__WHAT YOU HAVE TO DO__: Set down the records again, keeping each line exactly as it is.

#####

(* Let $\mathsf{G}$ and $\mathsf{G}'$ be well-formed global types and let $\mathsf{N}$ be a network such that $\vdash \mathsf{N} : \mathsf{G}$ and $\vdash \mathsf{N} : \mathsf{G}'$. Then $\mathcal{S}(\mathsf{G})=\mathcal{S}(\mathsf{G}')$, i.e., the two event structures have the same set of events and the same causality and conflict relations.
   Context: Participants are ranged over by $\mathsf{p},\mathsf{q},\mathsf{r},\mathsf{s}$ and message labels by $\lambda$. All processes and global types below are defined coinductively and are assumed regular (finitely many distinct subterms). Processes: $P ::= \bigoplus_{i\in I}\mathsf{p}!\lambda_i;P_i \mid \sum_{i\in I}\mathsf{p}?\lambda_i;P_i \mid \mathbf{0}$, with $I$ finite non-empty and the $\lambda_i$ pairwise distinct. A network is $\mathsf{N}=\mathsf{p}_1[\![P_1]\!]\parallel\cdots\parallel\mathsf{p}_n[\![P_n]\!]$ with $n\ge 1$ and the $\mathsf{p}_h$ pairwise distinct. Global types: $\mathsf{G} ::= \mathsf{p}\to\mathsf{q}:\{\lambda_i;\mathsf{G}_i\}_{i\in I} \mid \mathsf{End}$, with $I$ finite non-empty and the $\lambda_i$ pairwise distinct. A communication is $\alpha=\mathsf{p}\mathsf{q}\lambda$ (meaning $\mathsf{p}$ sends $\lambda$ to $\mathsf{q}$), with $\mathrm{part}(\mathsf{p}\mathsf{q}\lambda)=\{\mathsf{p},\mathsf{q}\}$; a trace is a finite sequence of communications, $\mathrm{part}$ extended to traces by union. The traces of a global type are: $\mathrm{Tr}(\mathsf{End})=\emptyset$ and $\mathrm{Tr}(\mathsf{p}\to\mathsf{q}:\{\lambda_i;\mathsf{G}_i\}_{i\in I})=\{\mathsf{p}\mathsf{q}\lambda_i\cdot\sigma \mid i\in I,\ \sigma=\epsilon \text{ or } \sigma\in\mathrm{Tr}(\mathsf{G}_i)\}$. $\mathrm{part}(\mathsf{G})=\bigcup_{\sigma\in\mathrm{Tr}(\mathsf{G})}\mathrm{part}(\sigma)$. Projection (coinductive, partial): $\mathsf{G}\upharpoonright\mathsf{r}=\mathbf{0}$ if $\mathsf{r}\notin\mathrm{part}(\mathsf{G})$; for $\mathsf{G}=\mathsf{p}\to\mathsf{q}:\{\lambda_i;\mathsf{G}_i\}_{i\in I}$: $\mathsf{G}\upharpoonright\mathsf{r}=\sum_{i\in I}\mathsf{p}?\lambda_i;(\mathsf{G}_i\upharpoonright\mathsf{r})$ if $\mathsf{r}=\mathsf{q}$; $=\bigoplus_{i\in I}\mathsf{q}!\lambda_i;(\mathsf{G}_i\upharpoonright\mathsf{r})$ if $\mathsf{r}=\mathsf{p}$; $=\mathsf{G}_1\upharpoonright\mathsf{r}$ if $\mathsf{r}\notin\{\mathsf{p},\mathsf{q}\}$, $\mathsf{r}\in\mathrm{part}(\mathsf{G}_1)$ and $\mathsf{G}_i\upharpoonright\mathsf{r}=\mathsf{G}_1\upharpoonright\mathsf{r}$ for all $i\in I$; undefined otherwise. $\mathsf{G}$ is projectable if $\mathsf{G}\upharpoonright\mathsf{p}$ is defined for all $\mathsf{p}$. Depth: $\mathrm{depth}(\mathsf{p},\sigma)=|\sigma_1\cdot\alpha|$ if $\sigma=\sigma_1\cdot\alpha\cdot\sigma_2$ with $\mathsf{p}\notin\mathrm{part}(\sigma_1)$ and $\mathsf{p}\in\mathrm{part}(\alpha)$, and $0$ otherwise; $\mathrm{depth}(\mathsf{p},\mathsf{G})=\sup\{\mathrm{depth}(\mathsf{p},\sigma)\mid\sigma\in\mathrm{Tr}(\mathsf{G})\}$. $\mathsf{G}$ is bounded if $\mathrm{depth}(\mathsf{p},\mathsf{G}')$ is finite for every participant $\mathsf{p}$ and every subtree $\mathsf{G}'$ of $\mathsf{G}$. $\mathsf{G}$ is well formed if it is projectable and bounded. Preorder $\le$ on processes: the largest relation such that $\mathbf{0}\le\mathbf{0}$; $\sum_{i\in I\cup J}\mathsf{p}?\lambda_i;P_i\le\sum_{i\in I}\mathsf{p}?\lambda_i;Q_i$ whenever $P_i\le Q_i$ for all $i\in I$; $\bigoplus_{i\in I}\mathsf{p}!\lambda_i;P_i\le\bigoplus_{i\in I}\mathsf{p}!\lambda_i;Q_i$ whenever $P_i\le Q_i$ for all $i\in I$. Typing: $\vdash \prod_{i\in I}\mathsf{p}_i[\![P_i]\!]:\mathsf{G}$ iff $P_i\le\mathsf{G}\upharpoonright\mathsf{p}_i$ for all $i\in I$ and $\mathrm{part}(\mathsf{G})\subseteq\{\mathsf{p}_i\mid i\in I\}$. Event structure of $\mathsf{G}$: permutation equivalence $\sim$ is the least equivalence on traces with $\sigma\cdot\alpha\cdot\alpha'\cdot\sigma'\sim\sigma\cdot\alpha'\cdot\alpha\cdot\sigma'$ whenever $\mathrm{part}(\alpha)\cap\mathrm{part}(\alpha')=\emptyset$; $[\sigma]$ is the class of $\sigma$. A non-empty trace $\sigma=\sigma[1]\cdots\sigma[n]$ is pointed if for every $1\le i<n$ there is $j$ with $i<j\le n$ and $\mathrm{part}(\sigma[i])\cap\mathrm{part}(\sigma[j])\ne\emptyset$. A g-event is $[\sigma]$ with $\sigma$ pointed. Causal prefixing: $\alpha\circ[\sigma]=[\alpha\cdot\sigma]$ if $\mathrm{part}(\alpha)\cap\mathrm{part}(\sigma)\ne\emptyset$, and $=[\sigma]$ otherwise; $\epsilon\circ\gamma=\gamma$, $(\alpha\cdot\sigma)\circ\gamma=\alpha\circ(\sigma\circ\gamma)$. $\mathrm{ev}(\sigma\cdot\alpha)=\sigma\circ[\alpha]$. Causality: $\gamma\le\gamma'$ if $\gamma=[\sigma]$ and $\gamma'=[\sigma\cdot\sigma']$ for some $\sigma,\sigma'$. Conflict: $\gamma\#\gamma'$ if $\gamma=[\sigma\cdot\mathsf{p}\mathsf{q}\lambda_1\cdot\sigma_1]$ and $\gamma'=[\sigma\cdot\mathsf{p}\mathsf{q}\lambda_2\cdot\sigma_2]$ with $\lambda_1\neq\lambda_2$. Then $\mathcal{S}(\mathsf{G})=(\mathcal{E}(\mathsf{G}),\le_{\mathsf{G}},\#_{\mathsf{G}})$ where $\mathcal{E}(\mathsf{G})=\{\mathrm{ev}(\sigma)\mid\sigma\in\mathrm{Tr}(\mathsf{G})\}$ and $\le_{\mathsf{G}},\#_{\mathsf{G}}$ are the restrictions of $\le,\#$ to $\mathcal{E}(\mathsf{G})$. *)

theory Defs
  imports Main
begin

#####

__ANSWER AREA__:
(* Let $\mathsf{G}$ and $\mathsf{G}'$ be well-formed global types and let $\mathsf{N}$ be a network such that $\vdash \mathsf{N} : \mathsf{G}$ and $\vdash \mathsf{N} : \mathsf{G}'$. Then $\mathcal{S}(\mathsf{G})=\mathcal{S}(\mathsf{G}')$, i.e., the two event structures have the same set of events and the same causality and conflict relations.
   Context: Participants are ranged over by $\mathsf{p},\mathsf{q},\mathsf{r},\mathsf{s}$ and message labels by $\lambda$. All processes and global types below are defined coinductively and are assumed regular (finitely many distinct subterms). Processes: $P ::= \bigoplus_{i\in I}\mathsf{p}!\lambda_i;P_i \mid \sum_{i\in I}\mathsf{p}?\lambda_i;P_i \mid \mathbf{0}$, with $I$ finite non-empty and the $\lambda_i$ pairwise distinct. A network is $\mathsf{N}=\mathsf{p}_1[\![P_1]\!]\parallel\cdots\parallel\mathsf{p}_n[\![P_n]\!]$ with $n\ge 1$ and the $\mathsf{p}_h$ pairwise distinct. Global types: $\mathsf{G} ::= \mathsf{p}\to\mathsf{q}:\{\lambda_i;\mathsf{G}_i\}_{i\in I} \mid \mathsf{End}$, with $I$ finite non-empty and the $\lambda_i$ pairwise distinct. A communication is $\alpha=\mathsf{p}\mathsf{q}\lambda$ (meaning $\mathsf{p}$ sends $\lambda$ to $\mathsf{q}$), with $\mathrm{part}(\mathsf{p}\mathsf{q}\lambda)=\{\mathsf{p},\mathsf{q}\}$; a trace is a finite sequence of communications, $\mathrm{part}$ extended to traces by union. The traces of a global type are: $\mathrm{Tr}(\mathsf{End})=\emptyset$ and $\mathrm{Tr}(\mathsf{p}\to\mathsf{q}:\{\lambda_i;\mathsf{G}_i\}_{i\in I})=\{\mathsf{p}\mathsf{q}\lambda_i\cdot\sigma \mid i\in I,\ \sigma=\epsilon \text{ or } \sigma\in\mathrm{Tr}(\mathsf{G}_i)\}$. $\mathrm{part}(\mathsf{G})=\bigcup_{\sigma\in\mathrm{Tr}(\mathsf{G})}\mathrm{part}(\sigma)$. Projection (coinductive, partial): $\mathsf{G}\upharpoonright\mathsf{r}=\mathbf{0}$ if $\mathsf{r}\notin\mathrm{part}(\mathsf{G})$; for $\mathsf{G}=\mathsf{p}\to\mathsf{q}:\{\lambda_i;\mathsf{G}_i\}_{i\in I}$: $\mathsf{G}\upharpoonright\mathsf{r}=\sum_{i\in I}\mathsf{p}?\lambda_i;(\mathsf{G}_i\upharpoonright\mathsf{r})$ if $\mathsf{r}=\mathsf{q}$; $=\bigoplus_{i\in I}\mathsf{q}!\lambda_i;(\mathsf{G}_i\upharpoonright\mathsf{r})$ if $\mathsf{r}=\mathsf{p}$; $=\mathsf{G}_1\upharpoonright\mathsf{r}$ if $\mathsf{r}\notin\{\mathsf{p},\mathsf{q}\}$, $\mathsf{r}\in\mathrm{part}(\mathsf{G}_1)$ and $\mathsf{G}_i\upharpoonright\mathsf{r}=\mathsf{G}_1\upharpoonright\mathsf{r}$ for all $i\in I$; undefined otherwise. $\mathsf{G}$ is projectable if $\mathsf{G}\upharpoonright\mathsf{p}$ is defined for all $\mathsf{p}$. Depth: $\mathrm{depth}(\mathsf{p},\sigma)=|\sigma_1\cdot\alpha|$ if $\sigma=\sigma_1\cdot\alpha\cdot\sigma_2$ with $\mathsf{p}\notin\mathrm{part}(\sigma_1)$ and $\mathsf{p}\in\mathrm{part}(\alpha)$, and $0$ otherwise; $\mathrm{depth}(\mathsf{p},\mathsf{G})=\sup\{\mathrm{depth}(\mathsf{p},\sigma)\mid\sigma\in\mathrm{Tr}(\mathsf{G})\}$. $\mathsf{G}$ is bounded if $\mathrm{depth}(\mathsf{p},\mathsf{G}')$ is finite for every participant $\mathsf{p}$ and every subtree $\mathsf{G}'$ of $\mathsf{G}$. $\mathsf{G}$ is well formed if it is projectable and bounded. Preorder $\le$ on processes: the largest relation such that $\mathbf{0}\le\mathbf{0}$; $\sum_{i\in I\cup J}\mathsf{p}?\lambda_i;P_i\le\sum_{i\in I}\mathsf{p}?\lambda_i;Q_i$ whenever $P_i\le Q_i$ for all $i\in I$; $\bigoplus_{i\in I}\mathsf{p}!\lambda_i;P_i\le\bigoplus_{i\in I}\mathsf{p}!\lambda_i;Q_i$ whenever $P_i\le Q_i$ for all $i\in I$. Typing: $\vdash \prod_{i\in I}\mathsf{p}_i[\![P_i]\!]:\mathsf{G}$ iff $P_i\le\mathsf{G}\upharpoonright\mathsf{p}_i$ for all $i\in I$ and $\mathrm{part}(\mathsf{G})\subseteq\{\mathsf{p}_i\mid i\in I\}$. Event structure of $\mathsf{G}$: permutation equivalence $\sim$ is the least equivalence on traces with $\sigma\cdot\alpha\cdot\alpha'\cdot\sigma'\sim\sigma\cdot\alpha'\cdot\alpha\cdot\sigma'$ whenever $\mathrm{part}(\alpha)\cap\mathrm{part}(\alpha')=\emptyset$; $[\sigma]$ is the class of $\sigma$. A non-empty trace $\sigma=\sigma[1]\cdots\sigma[n]$ is pointed if for every $1\le i<n$ there is $j$ with $i<j\le n$ and $\mathrm{part}(\sigma[i])\cap\mathrm{part}(\sigma[j])\ne\emptyset$. A g-event is $[\sigma]$ with $\sigma$ pointed. Causal prefixing: $\alpha\circ[\sigma]=[\alpha\cdot\sigma]$ if $\mathrm{part}(\alpha)\cap\mathrm{part}(\sigma)\ne\emptyset$, and $=[\sigma]$ otherwise; $\epsilon\circ\gamma=\gamma$, $(\alpha\cdot\sigma)\circ\gamma=\alpha\circ(\sigma\circ\gamma)$. $\mathrm{ev}(\sigma\cdot\alpha)=\sigma\circ[\alpha]$. Causality: $\gamma\le\gamma'$ if $\gamma=[\sigma]$ and $\gamma'=[\sigma\cdot\sigma']$ for some $\sigma,\sigma'$. Conflict: $\gamma\#\gamma'$ if $\gamma=[\sigma\cdot\mathsf{p}\mathsf{q}\lambda_1\cdot\sigma_1]$ and $\gamma'=[\sigma\cdot\mathsf{p}\mathsf{q}\lambda_2\cdot\sigma_2]$ with $\lambda_1\neq\lambda_2$. Then $\mathcal{S}(\mathsf{G})=(\mathcal{E}(\mathsf{G}),\le_{\mathsf{G}},\#_{\mathsf{G}})$ where $\mathcal{E}(\mathsf{G})=\{\mathrm{ev}(\sigma)\mid\sigma\in\mathrm{Tr}(\mathsf{G})\}$ and $\le_{\mathsf{G}},\#_{\mathsf{G}}$ are the restrictions of $\le,\#$ to $\mathcal{E}(\mathsf{G})$. *)

theory Defs
  imports Main
begin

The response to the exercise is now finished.